Tenacity breeds success for Chinese charity
Building an aged-care facility is no mean feat for any business, so imagine the challenges for a not-for-profit organisation.
Despite the challenges that confronted the Chinese Australian Services Society (CASS) – a registered charity that provides social services to the East Asian community in Sydney – it has succeeded in overcoming them. The organisation’s aged-care facility is running at full capacity and is barely a year old.
“When we say we want to do something, we will try our best to make it happen,” says CASS’s Honorary Executive Director and Founding Chairman, Henry Pan.
This can-do attitude was behind CASS’s establishment 35 years ago. Its inception began a few years earlier when a small group of immigrants considered building and operating a childcare centre for their community. The federal government had implemented a multicultural policy and was encouraging different cultural communities to run social services.
Meeting challenges head-on
Although the group was only interested in setting up a childcare facility, the challenges were not that different from today.
“Back then, we tried to get funding support from the government,” Pan recalls. “However, we didn’t get very far, in a way, because our organisation was too new. We didn’t have the credentials for managing funds. Moreover, around the early ’80s the economic environment was not that good and government funding was difficult to get.”
Their application was rejected.
“We did not rest there,” Pan says. The group remained committed to the project and it was a matter of thinking of other ways to achieve it.
“We ended up with a primitive form of family-based day care,” Pan says. Volunteers ran a phone line where carers prepared to look after children in their homes would be paired with families searching for child care.
Less than five months later, the government department was so impressed with CASS’s enthusiasm that it invited the organisation to apply for funding, and it employed one worker.
By 1985, CASS was operating a childcare centre in Campsie, and it hasn’t looked back. It now serves more than 2,400 families a week through its multitude of services. It employs more than 240 people and is expected to post an annual turnover of $17 million this financial year.
In February 2015, CASS added an aged-care facility to its portfolio, a move that presented another challenge for the charity.
“The purchase of the land itself wasn’t really that difficult,” Pan recalls. The facility is built on five adjoining pieces of land, the first bought in 2002 through a bank loan supported by good management of cash flow and surplus from CASS’s operations.

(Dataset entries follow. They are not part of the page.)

definition cle :: "'a::real_normed_algebra_1 \<Rightarrow> ('a \<Rightarrow> 'a) \<Rightarrow> 'a \<Rightarrow> 'a \<Rightarrow> bool" where
  "cle J star a b \<longleftrightarrow> cpositive J star (b - a)"

definition cstar_metric ::
  "'a::real_normed_algebra_1 \<Rightarrow> ('a \<Rightarrow> 'a) \<Rightarrow> 'x set \<Rightarrow> ('x \<Rightarrow> 'x \<Rightarrow> 'a) \<Rightarrow> bool" where
  "cstar_metric J star X d \<longleftrightarrow> X \<noteq> {} \<and>
     (\<forall>x\<in>X. \<forall>y\<in>X. cpositive J star (d x y) \<and> (d x y = 0 \<longleftrightarrow> x = y) \<and> d x y = d y x) \<and>
     (\<forall>x\<in>X. \<forall>y\<in>X. \<forall>z\<in>X. cle J star (d x y) (d x z + d z y))"

definition cstar_complete :: "'x set \<Rightarrow> ('x \<Rightarrow> 'x \<Rightarrow> 'a::real_normed_vector) \<Rightarrow> bool" where
  "cstar_complete X d \<longleftrightarrow>
     (\<forall>s. (\<forall>n. s n \<in> X) \<longrightarrow>
        (\<forall>e>0. \<exists>N. \<forall>n\<ge>N. \<forall>m\<ge>N. norm (d (s n) (s m)) < e) \<longrightarrow>
        (\<exists>x\<in>X. (\<lambda>n. norm (d (s n) x)) \<longlonglongrightarrow> 0))"

definition orbitally_continuous_at ::
  "'x set \<Rightarrow> ('x \<Rightarrow> 'x \<Rightarrow> 'a::real_normed_vector) \<Rightarrow> ('x \<Rightarrow> 'x) \<Rightarrow> 'x \<Rightarrow> bool" where
  "orbitally_continuous_at X d T u \<longleftrightarrow>
     (\<forall>x\<in>X. \<forall>ns::nat \<Rightarrow> nat. strict_mono ns \<and> (\<forall>i. ns i > 0) \<longrightarrow>
        (\<lambda>i. norm (d ((T ^^ ns i) x) u)) \<longlonglongrightarrow> 0 \<longrightarrow>
        (\<lambda>i. norm (d ((T ^^ (ns i + 1)) x) (T u))) \<longlonglongrightarrow> 0)"

definition orbitally_continuous ::
  "'x set \<Rightarrow> ('x \<Rightarrow> 'x \<Rightarrow> 'a::real_normed_vector) \<Rightarrow> ('x \<Rightarrow> 'x) \<Rightarrow> bool" where
  "orbitally_continuous X d T \<longleftrightarrow> (\<forall>u\<in>X. orbitally_continuous_at X d T u)"

end

theory Submission
  imports Defs
begin

text \<open>
  Taking norms turns a C*-algebra valued metric into an ordinary metric, because in a unital
  C*-algebra \<open>0 \<preceq> a \<preceq> b\<close> implies \<open>\<parallel>a\<parallel> \<le> \<parallel>b\<parallel>\<close>. This monotonicity rests on \<open>\<parallel>h\<parallel> = r(h)\<close> for
  self-adjoint \<open>h\<close>, which follows from the C*-identity \<open>\<parallel>h^(2^k)\<parallel> = \<parallel>h\<parallel>^(2^k)\<close> and Cauchy
  estimates for the resolvent \<open>\<mu> \<mapsto> (1 - \<mu> h)\<inverse>\<close> on circles.

  The hypothesis then gives \<open>\<parallel>d(T^n x, S^n y)\<parallel> \<le> \<parallel>\<delta>(x,y)\<parallel> \<parallel>q(x,y)\<parallel>^(2n)\<close>: all \<open>T\<close>- and
  \<open>S\<close>-orbits approach each other geometrically. Comparing \<open>T^n x\<close> and \<open>T^n (T x)\<close> with
  \<open>S^n x\<close> shows that every \<open>T\<close>-orbit is Cauchy; its limit \<open>u\<close> is also the limit of the
  \<open>S\<close>-orbit, orbital continuity makes \<open>u\<close> a common fixed point, and two common fixed points
  coincide because their orbits approach each other. Conversely, if \<open>u\<close> is a common fixed point
  then every orbit converges to \<open>u\<close>, and orbital continuity is immediate.
\<close>

section \<open>Inverses in unital Banach algebras\<close>

definition alg_inverse :: "'a::ring_1 \<Rightarrow> 'a" where
  "alg_inverse a = (THE b. a * b = 1 \<and> b * a = 1)"

lemma two_sided_inverse_unique:
  fixes a :: "'a::ring_1"
  assumes "a * b = 1" "b * a = 1" "a * c = 1" "c * a = 1"
  shows "b = c"
proof -
  have "b = b * (a * c)" using assms by simp
  also have "\<dots> = (b * a) * c" by (simp add: mult.assoc)
  finally show ?thesis using assms by simp
qed

lemma alg_inverse_unique:
  fixes a :: "'a::ring_1"
  assumes "a * b = 1" "b * a = 1"
  shows "alg_inverse a = b"
  unfolding alg_inverse_def using assms two_sided_inverse_unique by blast
(* Let $N$ be a positive even integer and $M_t,M_r$ positive integers, $K_{\min}=\min(M_t,M_r)$, $K_{\max}=\max(M_t,M_r)$, and let $P_0>0$, $\sigma^2>0$, $\alpha\in\mathbb C\setminus\{0\}$, $L>0$, $\theta\in\mathbb R$. Let $\hat{\mathbf G}_t$, $\hat{\mathbf G}_r$ be the random matrices described in the context, and define the average optimal sensing SNRs $\overline{S}_1=\mathbb E\left[\max_{\mathbf\Phi}\frac{P_0|\alpha|^2L^2\|\hat{\mathbf G}_t^T\mathbf\Phi^T\mathbf a(\theta)\|^2\|\hat{\mathbf G}_r\mathbf\Phi^T\mathbf a(\theta)\|^2}{\sigma^2}\right]$ (fully-passive IRS) and $\overline{S}_2=\mathbb E\left[\max_{\mathbf\Phi}\frac{P_0|\alpha|^2LM_r\|\hat{\mathbf G}_t^T\mathbf\Phi^T\mathbf a(\theta)\|^2}{\sigma^2}\right]$ (semi-passive IRS), with maxima over all $\mathbf\Phi=\mathrm{diag}(e^{j\phi_1},\dots,e^{j\phi_N})$, $\phi_n\in\mathbb R$. If $N>\frac{2}{\pi}\sqrt{(M_t+M_r)^2+4\left(\frac{M_tM_r}{L}-K_{\min}K_{\max}\right)}-\frac{2(M_t+M_r)}{\pi}+1,$ then $\overline S_1>\overline S_2$.
   Context: $j=\sqrt{-1}$. Fix $\hat d>0$, $\lambda>0$; $\mathbf a(\theta)\in\mathbb C^N$ has $n$-th entry $e^{j\pi(2n-N-1)\hat d\sin\theta/\lambda}$. Random channels: $\hat{\mathbf G}\in\mathbb C^{N\times K_{\min}}$, $\hat{\mathbf G}_t'\in\mathbb C^{N\times(M_t-K_{\min})}$, $\hat{\mathbf G}_r'\in\mathbb C^{(M_r-K_{\min})\times N}$ have all entries mutually independent circularly symmetric complex Gaussian with zero mean and unit variance; $\hat{\mathbf G}_t=[\hat{\mathbf G},\hat{\mathbf G}_t']$ and $\hat{\mathbf G}_r=\begin{bmatrix}\hat{\mathbf G}^T\\ \hat{\mathbf G}_r'\end{bmatrix}$. (These expressions are the sensing SNRs after optimal, maximum-ratio, transmit beamforming with power $P_0$, for BS-IRS channel $\sqrt L\hat{\mathbf G}_t$ and IRS-BS channel $\sqrt L\hat{\mathbf G}_r$.) *)

theory Defs
  imports "HOL-Probability.Probability"
begin

text \<open>Circularly symmetric complex Gaussian, zero mean, unit variance:
  density (1/pi) exp(-|z|^2) w.r.t. Lebesgue measure on the complex plane.\<close>
definition cgauss :: "complex measure" where
  "cgauss = density lborel (\<lambda>z. ennreal (exp (- (cmod z)\<^sup>2) / pi))"

text \<open>Steering vector a(theta); index n = 0..N-1 corresponds to the paper's n+1.\<close>
definition steer :: "real \<Rightarrow> real \<Rightarrow> nat \<Rightarrow> real \<Rightarrow> nat \<Rightarrow> complex" where
  "steer d lam N \<theta> n =
     exp (\<i> * complex_of_real (pi * (2 * real (n + 1) - real N - 1) * d * sin \<theta> / lam))"

text \<open>Index set of all independent Gaussian entries:
  tag 0: entries (n,k) of G (N x Kmin); tag 1: entries (n,k) of G_t' (N x (Mt-Kmin));
  tag 2: entries (m,n) of G_r' ((Mr-Kmin) x N).\<close>
definition chan_index :: "nat \<Rightarrow> nat \<Rightarrow> nat \<Rightarrow> (nat \<times> nat \<times> nat) set" where
  "chan_index N Mt Mr =
     ({0} \<times> {..<N} \<times> {..<min Mt Mr}) \<union>
     ({1} \<times> {..<N} \<times> {..<Mt - min Mt Mr}) \<union>
     ({2} \<times> {..<Mr - min Mt Mr} \<times> {..<N})"

definition chan_measure :: "nat \<Rightarrow> nat \<Rightarrow> nat \<Rightarrow> (nat \<times> nat \<times> nat \<Rightarrow> complex) measure" where
  "chan_measure N Mt Mr = PiM (chan_index N Mt Mr) (\<lambda>_. cgauss)"

text \<open>G_t = [G, G_t'] (N x Mt), entry (n,k).\<close>
definition Gt :: "nat \<Rightarrow> nat \<Rightarrow> (nat \<times> nat \<times> nat \<Rightarrow> complex) \<Rightarrow> nat \<Rightarrow> nat \<Rightarrow> complex" where
  "Gt Mt Mr z n k = (if k < min Mt Mr then z (0, n, k) else z (1, n, k - min Mt Mr))"

text \<open>G_r = [G^T; G_r'] (Mr x N), entry (m,n).\<close>
definition Gr :: "nat \<Rightarrow> nat \<Rightarrow> (nat \<times> nat \<times> nat \<Rightarrow> complex) \<Rightarrow> nat \<Rightarrow> nat \<Rightarrow> complex" where
  "Gr Mt Mr z m n = (if m < min Mt Mr then z (0, n, m) else z (2, m - min Mt Mr, n))"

However, it was a different story when it came to funding the facility itself.
The total cost of the facility was $15.5 million, excluding the land; of that, the government provided a low-interest loan of $8.6 million. CASS needed a $6-million loan from the bank, which took a dim view of the organisation’s inexperience in running an aged-care facility.
“We used negotiation and argument to get that loan,” Pan laughs. CASS showed the bank it had a vigorous promotional plan to raise funds and showed that people in the community were supportive of its work.
“We had good financial performance for a few years and a history of showing that whenever we start a venture, it doesn’t take long for us to get a result. Of course, we didn’t have experience in aged-care facilities, but we were using other operations to show we were a capable group.”
The bank tried to reduce the amount of money it would lend, but CASS persevered and got what it needed. “It took almost 18 months, and at one stage we had to put in contingency measures to ensure we had enough cash flow,” Pan remembers.
The turf was turned in June 2013, and in February 2015 the facility was opened for business.
“We had very tight control and we were on the pulse to know how the money was spent, so one good result for the project was it came within budget,” Pan says. “We had a good team managing the project.”
Five months before the facility opened, CASS began promoting the service, and it knew then that it would have a full house. Rather than fill all the admissions at once, they were carried out in stages, and within four months of opening, the facility was operating at full capacity.
In August 2015 the facility won the Urban Development Institute of Australia NSW annual award for Seniors’ Aged Care Living.
The next challenge?
CASS is an approved provider for a wide range of social services and is looking at expanding into more of those areas, including providing community housing. “And we will definitely embark on another aged-care facility project,” Pan says.
It’s a far cry from the first community meeting that Pan attended all those years ago. “I never imagined our organisation would provide such a comprehensive range of services,” he says.